Perspectiva Global Reportagens Humanas

Especialistas da ONU pedem fim imediato de detenções de afegãs

Meninas caminham pela estrada em um bairro hazara no Afeganistão
Unicef/Roger LeMoyne
Meninas caminham pela estrada em um bairro hazara no Afeganistão

Especialistas da ONU pedem fim imediato de detenções de afegãs

Mulheres

Operações do Talibã em locais públicos, incluindo centros comerciais, escolas e mercados resultaram na detenção arbitrária de diversas mulheres e meninas em janeiro; as acusações são de suposta violação do código de vestimenta instituído no país; relatores falam de “sistema institucionalizado de discriminação”.

Especialistas* da ONU expressaram nesta sexta-feira profunda preocupação com relatos de que dezenas de mulheres e meninas no Afeganistão foram detidas arbitrariamente e sujeitas a maus-tratos desde o início de janeiro por supostamente violarem o código de vestimenta do Talibã.

Os especialistas pediram o fim de “toda a privação arbitrária de liberdade” e a “libertação imediata de todas as mulheres e meninas que ainda possam estar detidas”.

Mulheres e meninas levadas à força em locais públicos

No comunicado, o grupo apelou às autoridades de facto para que cumpram as obrigações internacionais do Afeganistão em matéria de direitos humanos, especialmente ao abrigo da Convenção sobre a Eliminação de Todas as Formas de Discriminação contra as Mulheres.

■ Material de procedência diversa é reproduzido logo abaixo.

lemma anc_ext_subset_if_anchored_factorization:
  assumes factorization: "anchored_factorization E' \<Psi> E f"
    and anchor: "anchor_set E' \<Psi> E'" and "E \<subseteq> E'"
  shows "anc_ext E \<Psi> f \<subseteq> anc_ext E' \<Psi> f"
proof clarify
  fix x y assume "(x, y) \<in> anc_ext E \<Psi> f"
  then have core: "\<psi> e y = \<psi> (e * f) x" if "e \<in> bracket E f" for e
    using that anc_ext_iff[OF \<open>E \<subseteq> E'\<close>] by blast
  show "(x, y) \<in> anc_ext E' \<Psi> f"
    unfolding anc_ext_iff[OF order_refl]
  proof
    fix e' assume "e' \<in> bracket E' f"
    then have e': "e' \<in> E'" "e' * f \<in> E'"
      by (simp_all add: bracket_def)
    obtain M where M: "anchor_set E' \<Psi> M" and factor: "\<And>m. m \<in> M \<Longrightarrow> \<exists>d e. m * e' = d * e \<and>
        d \<in> anc E' \<Psi> \<and> (\<forall>c\<in>E. d * c \<in> E') \<and> e \<in> bracket E f"
      using anchored_factorizationE[OF factorization e'(1)] by blast
    show "\<psi> e' y = \<psi> (e' * f) x"
    proof (rule anchor_set_eqI[OF M])
      fix m assume m: "m \<in> M"
      then obtain d e where de: "m * e' = d * e" "d \<in> anc E' \<Psi>" "\<forall>c\<in>E. d * c \<in> E'"
        "e \<in> bracket E f"
        using factor by blast
      have mE': "m \<in> E'"
        using M m unfolding anchor_set_def by blast
      have e: "e \<in> E" "e * f \<in> E"
        using de(4) by (simp_all add: bracket_def)
      have "\<psi> m (\<psi> e' y) = \<psi> (d * e) y"
        using mE' e'(1) de(1) by (simp flip: psi_mult)
      also have "\<dots> = \<psi> (d * (e * f)) x"
        using anc_mult_eq[OF anchor de(2)] e de(3) core[OF de(4)] \<open>E \<subseteq> E'\<close> by blast
      also have "\<dots> = \<psi> (m * (e' * f)) x"
        using de(1) by (metis mult.assoc)
      also have "\<dots> = \<psi> m (\<psi> (e' * f) x)"
        using mE' e'(2) by (simp add: psi_mult)
      finally show "\<psi> m (\<psi> e' y) = \<psi> m (\<psi> (e' * f) x)" .
    qed
  qed
qed

end


locale calculus_extension = bounded_representation sm cs E' \<Psi>
  for sm :: "complex \<Rightarrow> 'g::ring_1 \<Rightarrow> 'g" and cs :: "complex \<Rightarrow> 'x::banach \<Rightarrow> 'x" and E' \<Psi> +
  fixes F E :: "'g set" and \<Phi> :: "'g \<Rightarrow> 'x op"
  assumes unital_subalgebra_F: "unital_subalgebra sm F"
    and proto_calculus: "proto_calculus sm cs F \<Phi>"
    and subalgebra_E: "subalgebra sm E"
    and core: "algebraic_core cs F \<Phi> E"
    and E_subset: "E \<subseteq> E'"
    and agree: "\<forall>e\<in>E. \<Psi> e = \<Phi> e"
begin

lemma core_eq_anc_ext: "g \<in> F \<Longrightarrow> \<Phi> g = anc_ext E \<Psi> g"
  using algebraic_core_eq_anc_ext[OF core] anc_ext_cong[OF agree] by simp

lemma anc_ext_subset: "g \<in> F \<Longrightarrow> anc_ext E' \<Psi> g \<subseteq> \<Phi> g"
  using anc_ext_antimono[OF E_subset] core_eq_anc_ext by simp

lemma is_op_Phi: "g \<in> F \<Longrightarrow> is_op cs (\<Phi> g)"
  using proto_calculus by (simp add: proto_calculus_def closed_op_def)

lemma anchor_set_bracket_core:
  assumes "g \<in> F"
  shows "anchor_set E' \<Psi> (bracket E g)"
proof (rule anchor_set_bracket)
  show "is_op cs (anc_ext E \<Psi> g)"
    using assms is_op_Phi core_eq_anc_ext by simp
  show "\<forall>e\<in>E. is_op cs (\<Psi> e)"
    using E_subset bounded_op_Psi by (auto simp: bounded_op_def closed_op_def)
  show "0 \<in> E"
    using subalgebra_E by (simp add: subalgebra_def)
qed (fact E_subset)

lemma anchor_set_E': "anchor_set E' \<Psi> E'"
proof -
  have "anchor_set E' \<Psi> (bracket E 1)"
    using unital_subalgebra_F anchor_set_bracket_core by (simp add: unital_subalgebra_def)
  then show ?thesis
    by (rule anchor_set_mono) (use E_subset in \<open>auto simp: bracket_def\<close>)
qed

lemma eq_if_bounded_anc_ext:
  assumes "f \<in> F" "bounded_op cs (anc_ext E' \<Psi> f)"
  shows "\<Phi> f = anc_ext E' \<Psi> f"
  using is_op_eq_if_total_subset[OF is_op_Phi anc_ext_subset] assms by (simp add: bounded_op_def)

lemma eq_if_dense_anc_ext:
  assumes "f \<in> F" "closure (Domain (anc_ext E' \<Psi> f)) = UNIV" "bounded_op cs (\<Phi> f)"
  shows "\<Phi> f = anc_ext E' \<Psi> f"
  using closed_subset_bounded_op_eq[OF scal assms(3) closed_anc_ext anc_ext_subset] assms by simp

lemma eq_if_anchored_factorization:
  assumes "f \<in> F" "anchored_factorization E' \<Psi> E f"
  shows "f \<in> anc E' \<Psi> \<and> \<Phi> f = anc_ext E' \<Psi> f"
  using mem_anc_if_anchored_factorization anc_ext_subset_if_anchored_factorization
    anchor_set_E' E_subset anc_ext_subset core_eq_anc_ext assms by blast

lemma anchored_factorization_if_eq:
  assumes "E' = E" "f \<in> F"
  shows "anchored_factorization E' \<Psi> E f"
  unfolding anchored_factorization_def
proof
  fix e' assume e': "e' \<in> E'"
  have "E \<subseteq> F"
    using core by (auto simp: algebraic_core_def bounded_elems_def)
  then have "anchor_set E' \<Psi> (bracket E (e' * f))"
    using unital_subalgebra_F e' assms by (intro anchor_set_bracket_core) (auto simp: unital_subalgebra_def subalgebra_def)
  moreover have "(\<lambda>m. m * e') ` bracket E (e' * f) \<subseteq>
      {d * e | d e. d \<in> {d' \<in> anc E' \<Psi>. \<forall>e\<in>E. d' * e \<in> E'} \<and> e \<in> bracket E f}"
  proof clarify
    fix m assume "m \<in> bracket E (e' * f)"
    then have "m * e' \<in> bracket E f"
      using e' assms(1) mult_closed_E' unfolding bracket_def by (auto simp: mult.assoc)
    moreover have "1 \<in> anc E' \<Psi>"
      using mem_ancI[OF anchor_set_E'] by simp
    ultimately show "\<exists>d e. m * e' = d * e \<and> d \<in> {d' \<in> anc E' \<Psi>. \<forall>e\<in>E. d' * e \<in> E'} \<and>
        e \<in> bracket E f"
      using assms(1) by (intro exI[of _ 1] exI[of _ "m * e'"]) simp
  qed
  ultimately show "\<exists>M. anchor_set E' \<Psi> M \<and> (\<lambda>m. m * e') ` M \<subseteq>
      {d * e | d e. d \<in> {d' \<in> anc E' \<Psi>. \<forall>e\<in>E. d' * e \<in> E'} \<and> e \<in> bracket E f}"
    by blast
qed
text \<open>\<open>Afun n F f k\<close> is affine in \<open>\<theta>\<close>, so strict inequalities at \<open>\<theta> = 1\<close> persist nearby.\<close>

lemma Afun_less_near_1:
  assumes "finite S" and less: "\<And>j. j \<in> S \<Longrightarrow> Afun n F f j 1 < Afun n F f r 1"
  shows "\<exists>\<theta>b. 0 \<le> \<theta>b \<and> \<theta>b < 1 \<and> (\<forall>\<theta>\<in>{\<theta>b..1}. \<forall>j\<in>S. Afun n F f j \<theta> < Afun n F f r \<theta>)"
proof -
  have "\<forall>\<^sub>F \<theta> in at 1. \<forall>j\<in>S. 0 < Afun n F f r \<theta> - Afun n F f j \<theta>"
  proof (rule eventually_ball_finite[OF \<open>finite S\<close>], rule ballI)
    fix j assume "j \<in> S"
    have "((\<lambda>\<theta>. Afun n F f r \<theta> - Afun n F f j \<theta>) \<longlongrightarrow> Afun n F f r 1 - Afun n F f j 1) (at 1)"
      unfolding Afun_def by (intro tendsto_intros)
    then show "\<forall>\<^sub>F \<theta> in at 1. 0 < Afun n F f r \<theta> - Afun n F f j \<theta>"
      using less[OF \<open>j \<in> S\<close>] by (intro order_tendstoD(1)) auto
  qed
  then obtain d where "0 < d"
    and near: "\<And>\<theta> j. \<theta> \<noteq> 1 \<Longrightarrow> dist \<theta> 1 < d \<Longrightarrow> j \<in> S \<Longrightarrow> Afun n F f j \<theta> < Afun n F f r \<theta>"
    by (auto simp: eventually_at)
  have "Afun n F f j \<theta> < Afun n F f r \<theta>" if "\<theta> \<in> {max 0 (1 - d / 2)..1}" "j \<in> S" for \<theta> j
    using that less near[of \<theta> j] \<open>0 < d\<close> by (cases "\<theta> = 1") (auto simp: dist_real_def)
  moreover have "0 \<le> max 0 (1 - d / 2)" "max 0 (1 - d / 2) < 1" using \<open>0 < d\<close> by auto
  ultimately show ?thesis by blast
qed

text \<open>At \<open>\<theta> = 1\<close> the maximum is \<open>2 B\<^sub>r / n\<close>, and single crossing makes \<open>B\<^sub>r\<^sub>h\<close> strictly larger
  than every \<open>B\<^sub>j\<close> with \<open>2 j \<le> n\<close>.\<close>

lemma strict_mono_on_Amax_near_1:
  assumes n: "2 \<le> n" and Bsum_nonneg: "\<And>k. k \<in> {1..n} \<Longrightarrow> 0 \<le> Bsum n F f k"
    and rh: "rh \<in> {1..n}" "0 < beta n F f rh" "n < 2 * rh"
    and below: "\<And>j. 1 \<le> j \<Longrightarrow> j < rh \<Longrightarrow> 0 \<le> beta n F f j"
  obtains \<theta>b where "0 \<le> \<theta>b" "\<theta>b < 1" "strict_mono_on {\<theta>b..1} (Amax n F f)"
proof -
  define S where "S = {j\<in>{1..n}. 2 * j \<le> n}"
  have S_less: "Bsum n F f j < Bsum n F f rh" if "j \<in> S" for j
  proof -
    have "j < rh" using that rh by (auto simp: S_def)
    then have "Bsum n F f rh = Bsum n F f j + (\<Sum>i=Suc j..rh. beta n F f i)" by (intro Bsum_split) simp
    moreover have "beta n F f rh \<le> (\<Sum>i=Suc j..rh. beta n F f i)"
      using \<open>j < rh\<close> that by (intro member_le_sum below) (auto simp: S_def)
    ultimately show ?thesis using rh by simp
  qed
  have "1 \<in> S" using n by (simp add: S_def)
  moreover have "0 \<le> Bsum n F f 1" using n by (intro Bsum_nonneg) auto
  ultimately have B_rh: "0 < Bsum n F f rh" using S_less by fastforce
  have "finite S" by (simp add: S_def)
  moreover have "Afun n F f j 1 < Afun n F f rh 1" if "j \<in> S" for j
    using S_less[OF that] that rh n by (simp add: Afun_at_1 S_def divide_strict_right_mono)
  ultimately obtain \<theta>b where \<theta>b: "0 \<le> \<theta>b" "\<theta>b < 1"
    and beats: "\<forall>\<theta>\<in>{\<theta>b..1}. \<forall>j\<in>S. Afun n F f j \<theta> < Afun n F f rh \<theta>"
    using Afun_less_near_1[of S n F f rh] by auto
  have "strict_mono_on {\<theta>b..1} (Amax n F f)"
  proof (rule strict_mono_on_Amax)
    fix \<theta> assume \<theta>: "\<theta> \<in> {\<theta>b..1}"
    then have \<theta>01: "\<theta> \<in> {0..1}" using \<theta>b by auto
    obtain k where k: "k \<in> {1..n}" "Amax n F f \<theta> = Afun n F f k \<theta>"
      using Amax_attained[of n F f \<theta>] n by auto
    have "Afun n F f rh \<theta> \<le> Afun n F f k \<theta>" using k Afun_le_Amax[OF rh(1), of F f \<theta>] by simp
    then have "k \<notin> S" using beats \<theta> by fastforce
    moreover have "0 < Afun n F f rh \<theta>"
      using B_rh Afun_weight_pos[OF \<theta>01, of rh n] rh n by (simp add: Afun_eq)
    ultimately have "n < 2 * k" "0 < Bsum n F f k"
      using k \<open>Afun n F f rh \<theta> \<le> Afun n F f k \<theta>\<close> Bsum_pos_if_Afun_pos[OF k(1) \<theta>01]
      by (auto simp: S_def)
    then show "\<exists>k\<in>{1..n}. n < 2 * k \<and> 0 < Bsum n F f k \<and> Afun n F f k \<theta> = Amax n F f \<theta>"
      using k by auto
  qed
  with \<theta>b that show ?thesis by blast
qed

lemma Max_positive_beta:
  assumes "r \<in> {1..n}" "0 < Bsum n F f r"
  defines "rh \<equiv> Max {r \<in> {1..n}. 0 < beta n F f r}"
  shows "rh \<in> {1..n}" "0 < beta n F f rh" "\<And>i. i \<in> {1..n} \<Longrightarrow> rh < i \<Longrightarrow> beta n F f i \<le> 0"
proof -
  let ?P = "{r \<in> {1..n}. 0 < beta n F f r}"
  have "?P \<noteq> {}"
  proof
    assume "?P = {}"
    then have "Bsum n F f r \<le> 0" using assms(1) by (auto simp: Bsum_def not_less intro!: sum_nonpos)
    with assms(2) show False by simp
  qed
  then have "rh \<in> ?P" unfolding rh_def by (intro Max_in) auto
  then show "rh \<in> {1..n}" "0 < beta n F f rh" by auto
  show "beta n F f i \<le> 0" if "i \<in> {1..n}" "rh < i" for i
  proof (rule ccontr)
    assume "\<not> beta n F f i \<le> 0"
    then have "i \<le> rh" using that(1) unfolding rh_def by (intro Max_ge) auto
    with that(2) show False by simp
  qed
qed

context unimodal_density
begin

lemma Mstar_fun_eq_Amax: "1 \<le> n \<Longrightarrow> Mstar n F f = Amax n F f"
  by (intro ext Mstar_eq_Amax Bsum_last)

lemma last_positive_beta:
  assumes "2 \<le> n"
  defines "rh \<equiv> Max {r \<in> {1..n}. 0 < beta n F f r}"
  shows "rh \<in> {1..n}" "0 < beta n F f rh" "\<And>i. i \<in> {1..n} \<Longrightarrow> rh < i \<Longrightarrow> beta n F f i \<le> 0"
    and "\<And>j. 1 \<le> j \<Longrightarrow> j < rh \<Longrightarrow> 0 \<le> beta n F f j"
proof -
  obtain r where "r \<in> {1..n-1}" "0 < Bsum n F f r" using Bsum_pos_exists[OF assms(1)] by blast
  then have "r \<in> {1..n}" "0 < Bsum n F f r" by auto
  from Max_positive_beta[OF this] show rh: "rh \<in> {1..n}" "0 < beta n F f rh"
    and "\<And>i. i \<in> {1..n} \<Longrightarrow> rh < i \<Longrightarrow> beta n F f i \<le> 0" by (simp_all add: rh_def)
  show "0 \<le> beta n F f j" if "1 \<le> j" "j < rh" for j
    using that rh by (intro beta_nonneg_below_pos[of j rh n]) auto
qed

lemma Mstar_antimono:
  assumes "2 \<le> n" "Max {r \<in> {1..n}. 0 < beta n F f r} \<le> n div 2"
  shows "antimono_on {0..1} (Mstar n F f)"
proof -
  have "antimono_on {0..1} (Amax n F f)"
  proof (rule antimono_on_Amax[OF assms(1)])
    show "0 \<le> Bsum n F f k" if "k \<in> {1..n}" for k using that by (intro Bsum_nonneg) auto
    show "beta n F f i \<le> 0" if "i \<in> {1..n}" "n div 2 < i" for i
      using that assms last_positive_beta(3)[OF assms(1)] by simp
  qed
  then show ?thesis using assms(1) by (simp add: Mstar_fun_eq_Amax)
qed

lemma Mstar_strict_mono:
  assumes n: "2 \<le> n" and r0: "r0 \<in> {1..n-1}"
    and r0_max: "\<And>r. r \<in> {1..n-1} \<Longrightarrow> Bsum n F f r / real r \<le> Bsum n F f r0 / real r0"
    and "(n + 1) div 2 < r0"
  shows "strict_mono_on {0..1} (Mstar n F f)"
proof -
  obtain r where r: "r \<in> {1..n-1}" "0 < Bsum n F f r" using Bsum_pos_exists[OF n] by blast
  then have "0 < Bsum n F f r / real r" by simp
  also have "\<dots> \<le> Bsum n F f r0 / real r0" by (rule r0_max[OF r(1)])
  finally have "0 < Bsum n F f r0" using r0 by (simp add: zero_less_divide_iff)
  moreover have "n < 2 * r0" using assms(4) by presburger
  ultimately have "strict_mono_on {0..1} (Amax n F f)"
    using n r0 r0_max by (intro strict_mono_on_Amax_best_ratio_upper) (auto intro: Bsum_nonneg)
  then show ?thesis using n by (simp add: Mstar_fun_eq_Amax)
qed

lemma Mstar_strict_mono_near_1:
  assumes n: "2 \<le> n" and "(n + 1) div 2 < Max {r \<in> {1..n}. 0 < beta n F f r}"
  shows "\<exists>\<theta>b. 0 \<le> \<theta>b \<and> \<theta>b < 1 \<and> strict_mono_on {\<theta>b..1} (Mstar n F f)"
proof -
  have "n < 2 * Max {r \<in> {1..n}. 0 < beta n F f r}" using assms(2) by presburger
  moreover have "0 \<le> Bsum n F f k" if "k \<in> {1..n}" for k using that by (intro Bsum_nonneg) auto
  ultimately obtain \<theta>b where "0 \<le> \<theta>b" "\<theta>b < 1" "strict_mono_on {\<theta>b..1} (Amax n F f)"
    using strict_mono_on_Amax_near_1[OF n _ last_positive_beta(1,2)[OF n] _ last_positive_beta(4)[OF n]]
    by blast
  then show ?thesis using n by (auto simp: Mstar_fun_eq_Amax)
qed

end

theorem corollary2:
  fixes n :: nat and F f :: "real \<Rightarrow> real"
    and c c' :: "real \<Rightarrow> real" and xbar :: real
    and xss :: "real \<Rightarrow> real" and r0 :: nat
  assumes n2: "2 \<le> n"
    and f_meas: "f \<in> borel_measurable lborel"
    and f_nonneg: "\<And>t. 0 \<le> f t"
    and f_int: "integrable lborel f"
    and f_total: "(LINT t|lborel. f t) = 1"
    and F_cdf: "\<And>x. F x = (LINT t:{..x}|lborel. f t)"
    and finite_ints: "\<And>r. r \<in> {1..n} \<Longrightarrow>
          integrable lborel (\<lambda>t. deriv (gfun n r) (F t) * (f t)\<^sup>2)"
    and f_unimodal: "unimodal_on UNIV f"
    and h_unimodal: "unimodal_on {t. F t < 1} (failure_rate F f)"
    and xbar_pos: "0 < xbar" and c_xbar: "c xbar = 1"
    and c_deriv: "\<And>x. x \<in> {0..xbar} \<Longrightarrow> (c has_real_derivative c' x) (at x within {0..xbar})"
    and c_incr: "strict_mono_on {0..xbar} c"
    and c_convex: "strictly_convex_on {0..xbar} c"
    and c0: "c 0 = 0" and c'0: "c' 0 = 0"
    and r0_mem: "r0 \<in> {1..n-1}"
    and r0_max: "\<And>r. r \<in> {1..n-1} \<Longrightarrow> Bsum n F f r / real r \<le> Bsum n F f r0 / real r0"
    and xss_def: "\<And>\<theta>. \<theta> \<in> {0..1} \<Longrightarrow> xss \<theta> \<in> {0..xbar} \<and> c' (xss \<theta>) = Mstar n F f \<theta>"
  shows
    "(Max {r \<in> {1..n}. 0 < beta n F f r} \<le> n div 2 \<longrightarrow>
        antimono_on {0..1} (Mstar n F f) \<and> antimono_on {0..1} xss)
     \<and> ((n + 1) div 2 < r0 \<longrightarrow>
        strict_mono_on {0..1} (Mstar n F f) \<and> strict_mono_on {0..1} xss)
     \<and> ((n + 1) div 2 < Max {r \<in> {1..n}. 0 < beta n F f r} \<longrightarrow>
        (\<exists>\<theta>b. 0 \<le> \<theta>b \<and> \<theta>b < 1 \<and>
           strict_mono_on {\<theta>b..1} (Mstar n F f) \<and> strict_mono_on {\<theta>b..1} xss))"
proof -
  obtain m where "\<forall>x y. x \<le> y \<and> y \<le> m \<longrightarrow> f x \<le> f y" "\<forall>x y. m \<le> x \<and> x \<le> y \<longrightarrow> f y \<le> f x"
    using integrable_unimodal_has_mode[OF f_unimodal f_int f_nonneg] f_total by auto
  then interpret unimodal_density f F m
    by unfold_locales (use f_meas f_nonneg f_int f_total F_cdf in auto)
  have c'_mono: "strict_mono_on {0..xbar} c'"
    by (rule strictly_convex_on_deriv_strict_mono[OF c_deriv c_convex])
  have xss_strict_mono: "strict_mono_on T xss" if "T \<subseteq> {0..1}" "strict_mono_on T (Mstar n F f)" for T
  proof (rule strict_mono_on_if_comp_strict_mono[OF c'_mono _ that(2)])
    show "xss \<theta> \<in> {0..xbar} \<and> c' (xss \<theta>) = Mstar n F f \<theta>" if "\<theta> \<in> T" for \<theta>
      using xss_def \<open>T \<subseteq> {0..1}\<close> that by blast
  qed
  have xss_antimono: "antimono_on {0..1} xss" if "antimono_on {0..1} (Mstar n F f)"
    using c'_mono xss_def that by (rule antimono_on_if_comp_antimono)
  have "antimono_on {0..1} (Mstar n F f) \<and> antimono_on {0..1} xss"
    if "Max {r \<in> {1..n}. 0 < beta n F f r} \<le> n div 2"
    using Mstar_antimono[OF n2 that] xss_antimono by blast
  moreover have "strict_mono_on {0..1} (Mstar n F f) \<and> strict_mono_on {0..1} xss"
    if "(n + 1) div 2 < r0"
    using Mstar_strict_mono[OF n2 r0_mem r0_max that] xss_strict_mono[of "{0..1}"] by blast
  moreover have "\<exists>\<theta>b. 0 \<le> \<theta>b \<and> \<theta>b < 1 \<and> strict_mono_on {\<theta>b..1} (Mstar n F f)
                    \<and> strict_mono_on {\<theta>b..1} xss"
    if upper: "(n + 1) div 2 < Max {r \<in> {1..n}. 0 < beta n F f r}"
  proof -
    obtain \<theta>b where "0 \<le> \<theta>b" "\<theta>b < 1" "strict_mono_on {\<theta>b..1} (Mstar n F f)"
      using Mstar_strict_mono_near_1[OF n2 upper] by blast
    moreover from this have "strict_mono_on {\<theta>b..1} xss" by (intro xss_strict_mono) auto
    ultimately show ?thesis by blast
  qed
  ultimately show ?thesis by blast
qed

end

As operações do Talibã começaram inicialmente no oeste de Cabul, mas rapidamente se espalharam para outras partes da cidade. As prisões e detenções foram feitas em locais públicos, incluindo centros comerciais, escolas e mercados de rua.

Mulheres e meninas foram levadas à força para veículos da polícia e acusadas de usar um “hijab ruim”. Elas foram mantidas incomunicáveis, com os talibãs alegando que elas usavam roupas coloridas e justas, contrariando as regras instituídas. 

Em maio de 2022, o regime do país ordenou a todas as mulheres que observassem o “hijab adequado”, de preferência usando em público um chadari, uma roupa preta larga que cobre o corpo e o rosto. A ordem também responsabilizava os familiares do sexo masculino pela aplicação da proibição ou seriam punidos.

A ONU afirma que as mulheres e as meninas têm sido progressivamente excluídas da vida pública no Afeganistão
Ocha/Charlotte Cans
A ONU afirma que as mulheres e as meninas têm sido progressivamente excluídas da vida pública no Afeganistão

Redução da participação feminina na sociedade

Os relatores de direitos humanos da ONU afirmaram que “mulheres e meninas foram supostamente mantidas em espaços superlotados em delegacias de polícia, recebendo apenas uma refeição por dia, sendo algumas delas submetidas a violência física, ameaças e intimidação”. 

Além disso “não lhes foi proporcionada representação legal e acesso à justiça ou reparação”, adicionaram.

A libertação das detidas depende de membros masculinos da família e dos anciãos da comunidade darem garantias, muitas vezes por escrito, de que cumprirão o código de vestimenta prescrito.

Para os especialistas, o episódio “perpetua um sistema institucionalizado de discriminação e controle de mulheres e meninas e diminui ainda mais o seu lugar na sociedade”.

Restrições crescentes à educação

Devido à falta de transparência e de acesso à justiça, não se sabe quantas ainda estão detidas, talvez incomunicáveis.

De acordo com a ONU, a situação das mulheres e das meninas deteriorou-se imensamente desde que os talibãs tomaram o poder em agosto de 2021, com restrições crescentes à educação, emprego, expressão, associação, privacidade, movimento e participação na vida pública. 

A situação humanitária no Afeganistão é marcada por aumento do risco da fome. O Programa Mundial de Alimentos, PMA, planeja alcançar quase 630 mil pessoas em insegurança alimentar e tratar mais de 42 mil mães e crianças grávidas e lactantes desnutridas, com apoio recebido do Japão.

O país deu uma contribuição de US$ 13,5 milhões assistência alimentar e nutricional de emergência. 

O recurso permitirá que quase 36 mil crianças em idade escolar na escola primária recebam biscoitos fortificados como lanches escolares diários para ajudá-los a se manterem saudáveis e aprender melhor.

O diretor nacional do PMA no Afeganistão, Hsiao-Wei Lee, disse que "esta contribuição chega em um momento crítico para as muitas famílias em todo o país que estão menos preparadas do que nunca para enfrentar o rigoroso inverno afegão, quando a fome atinge mais fortemente".

* Os relatores de direitos humanos são independentes das Nações Unidas e não recebem salário pelo seu trabalho.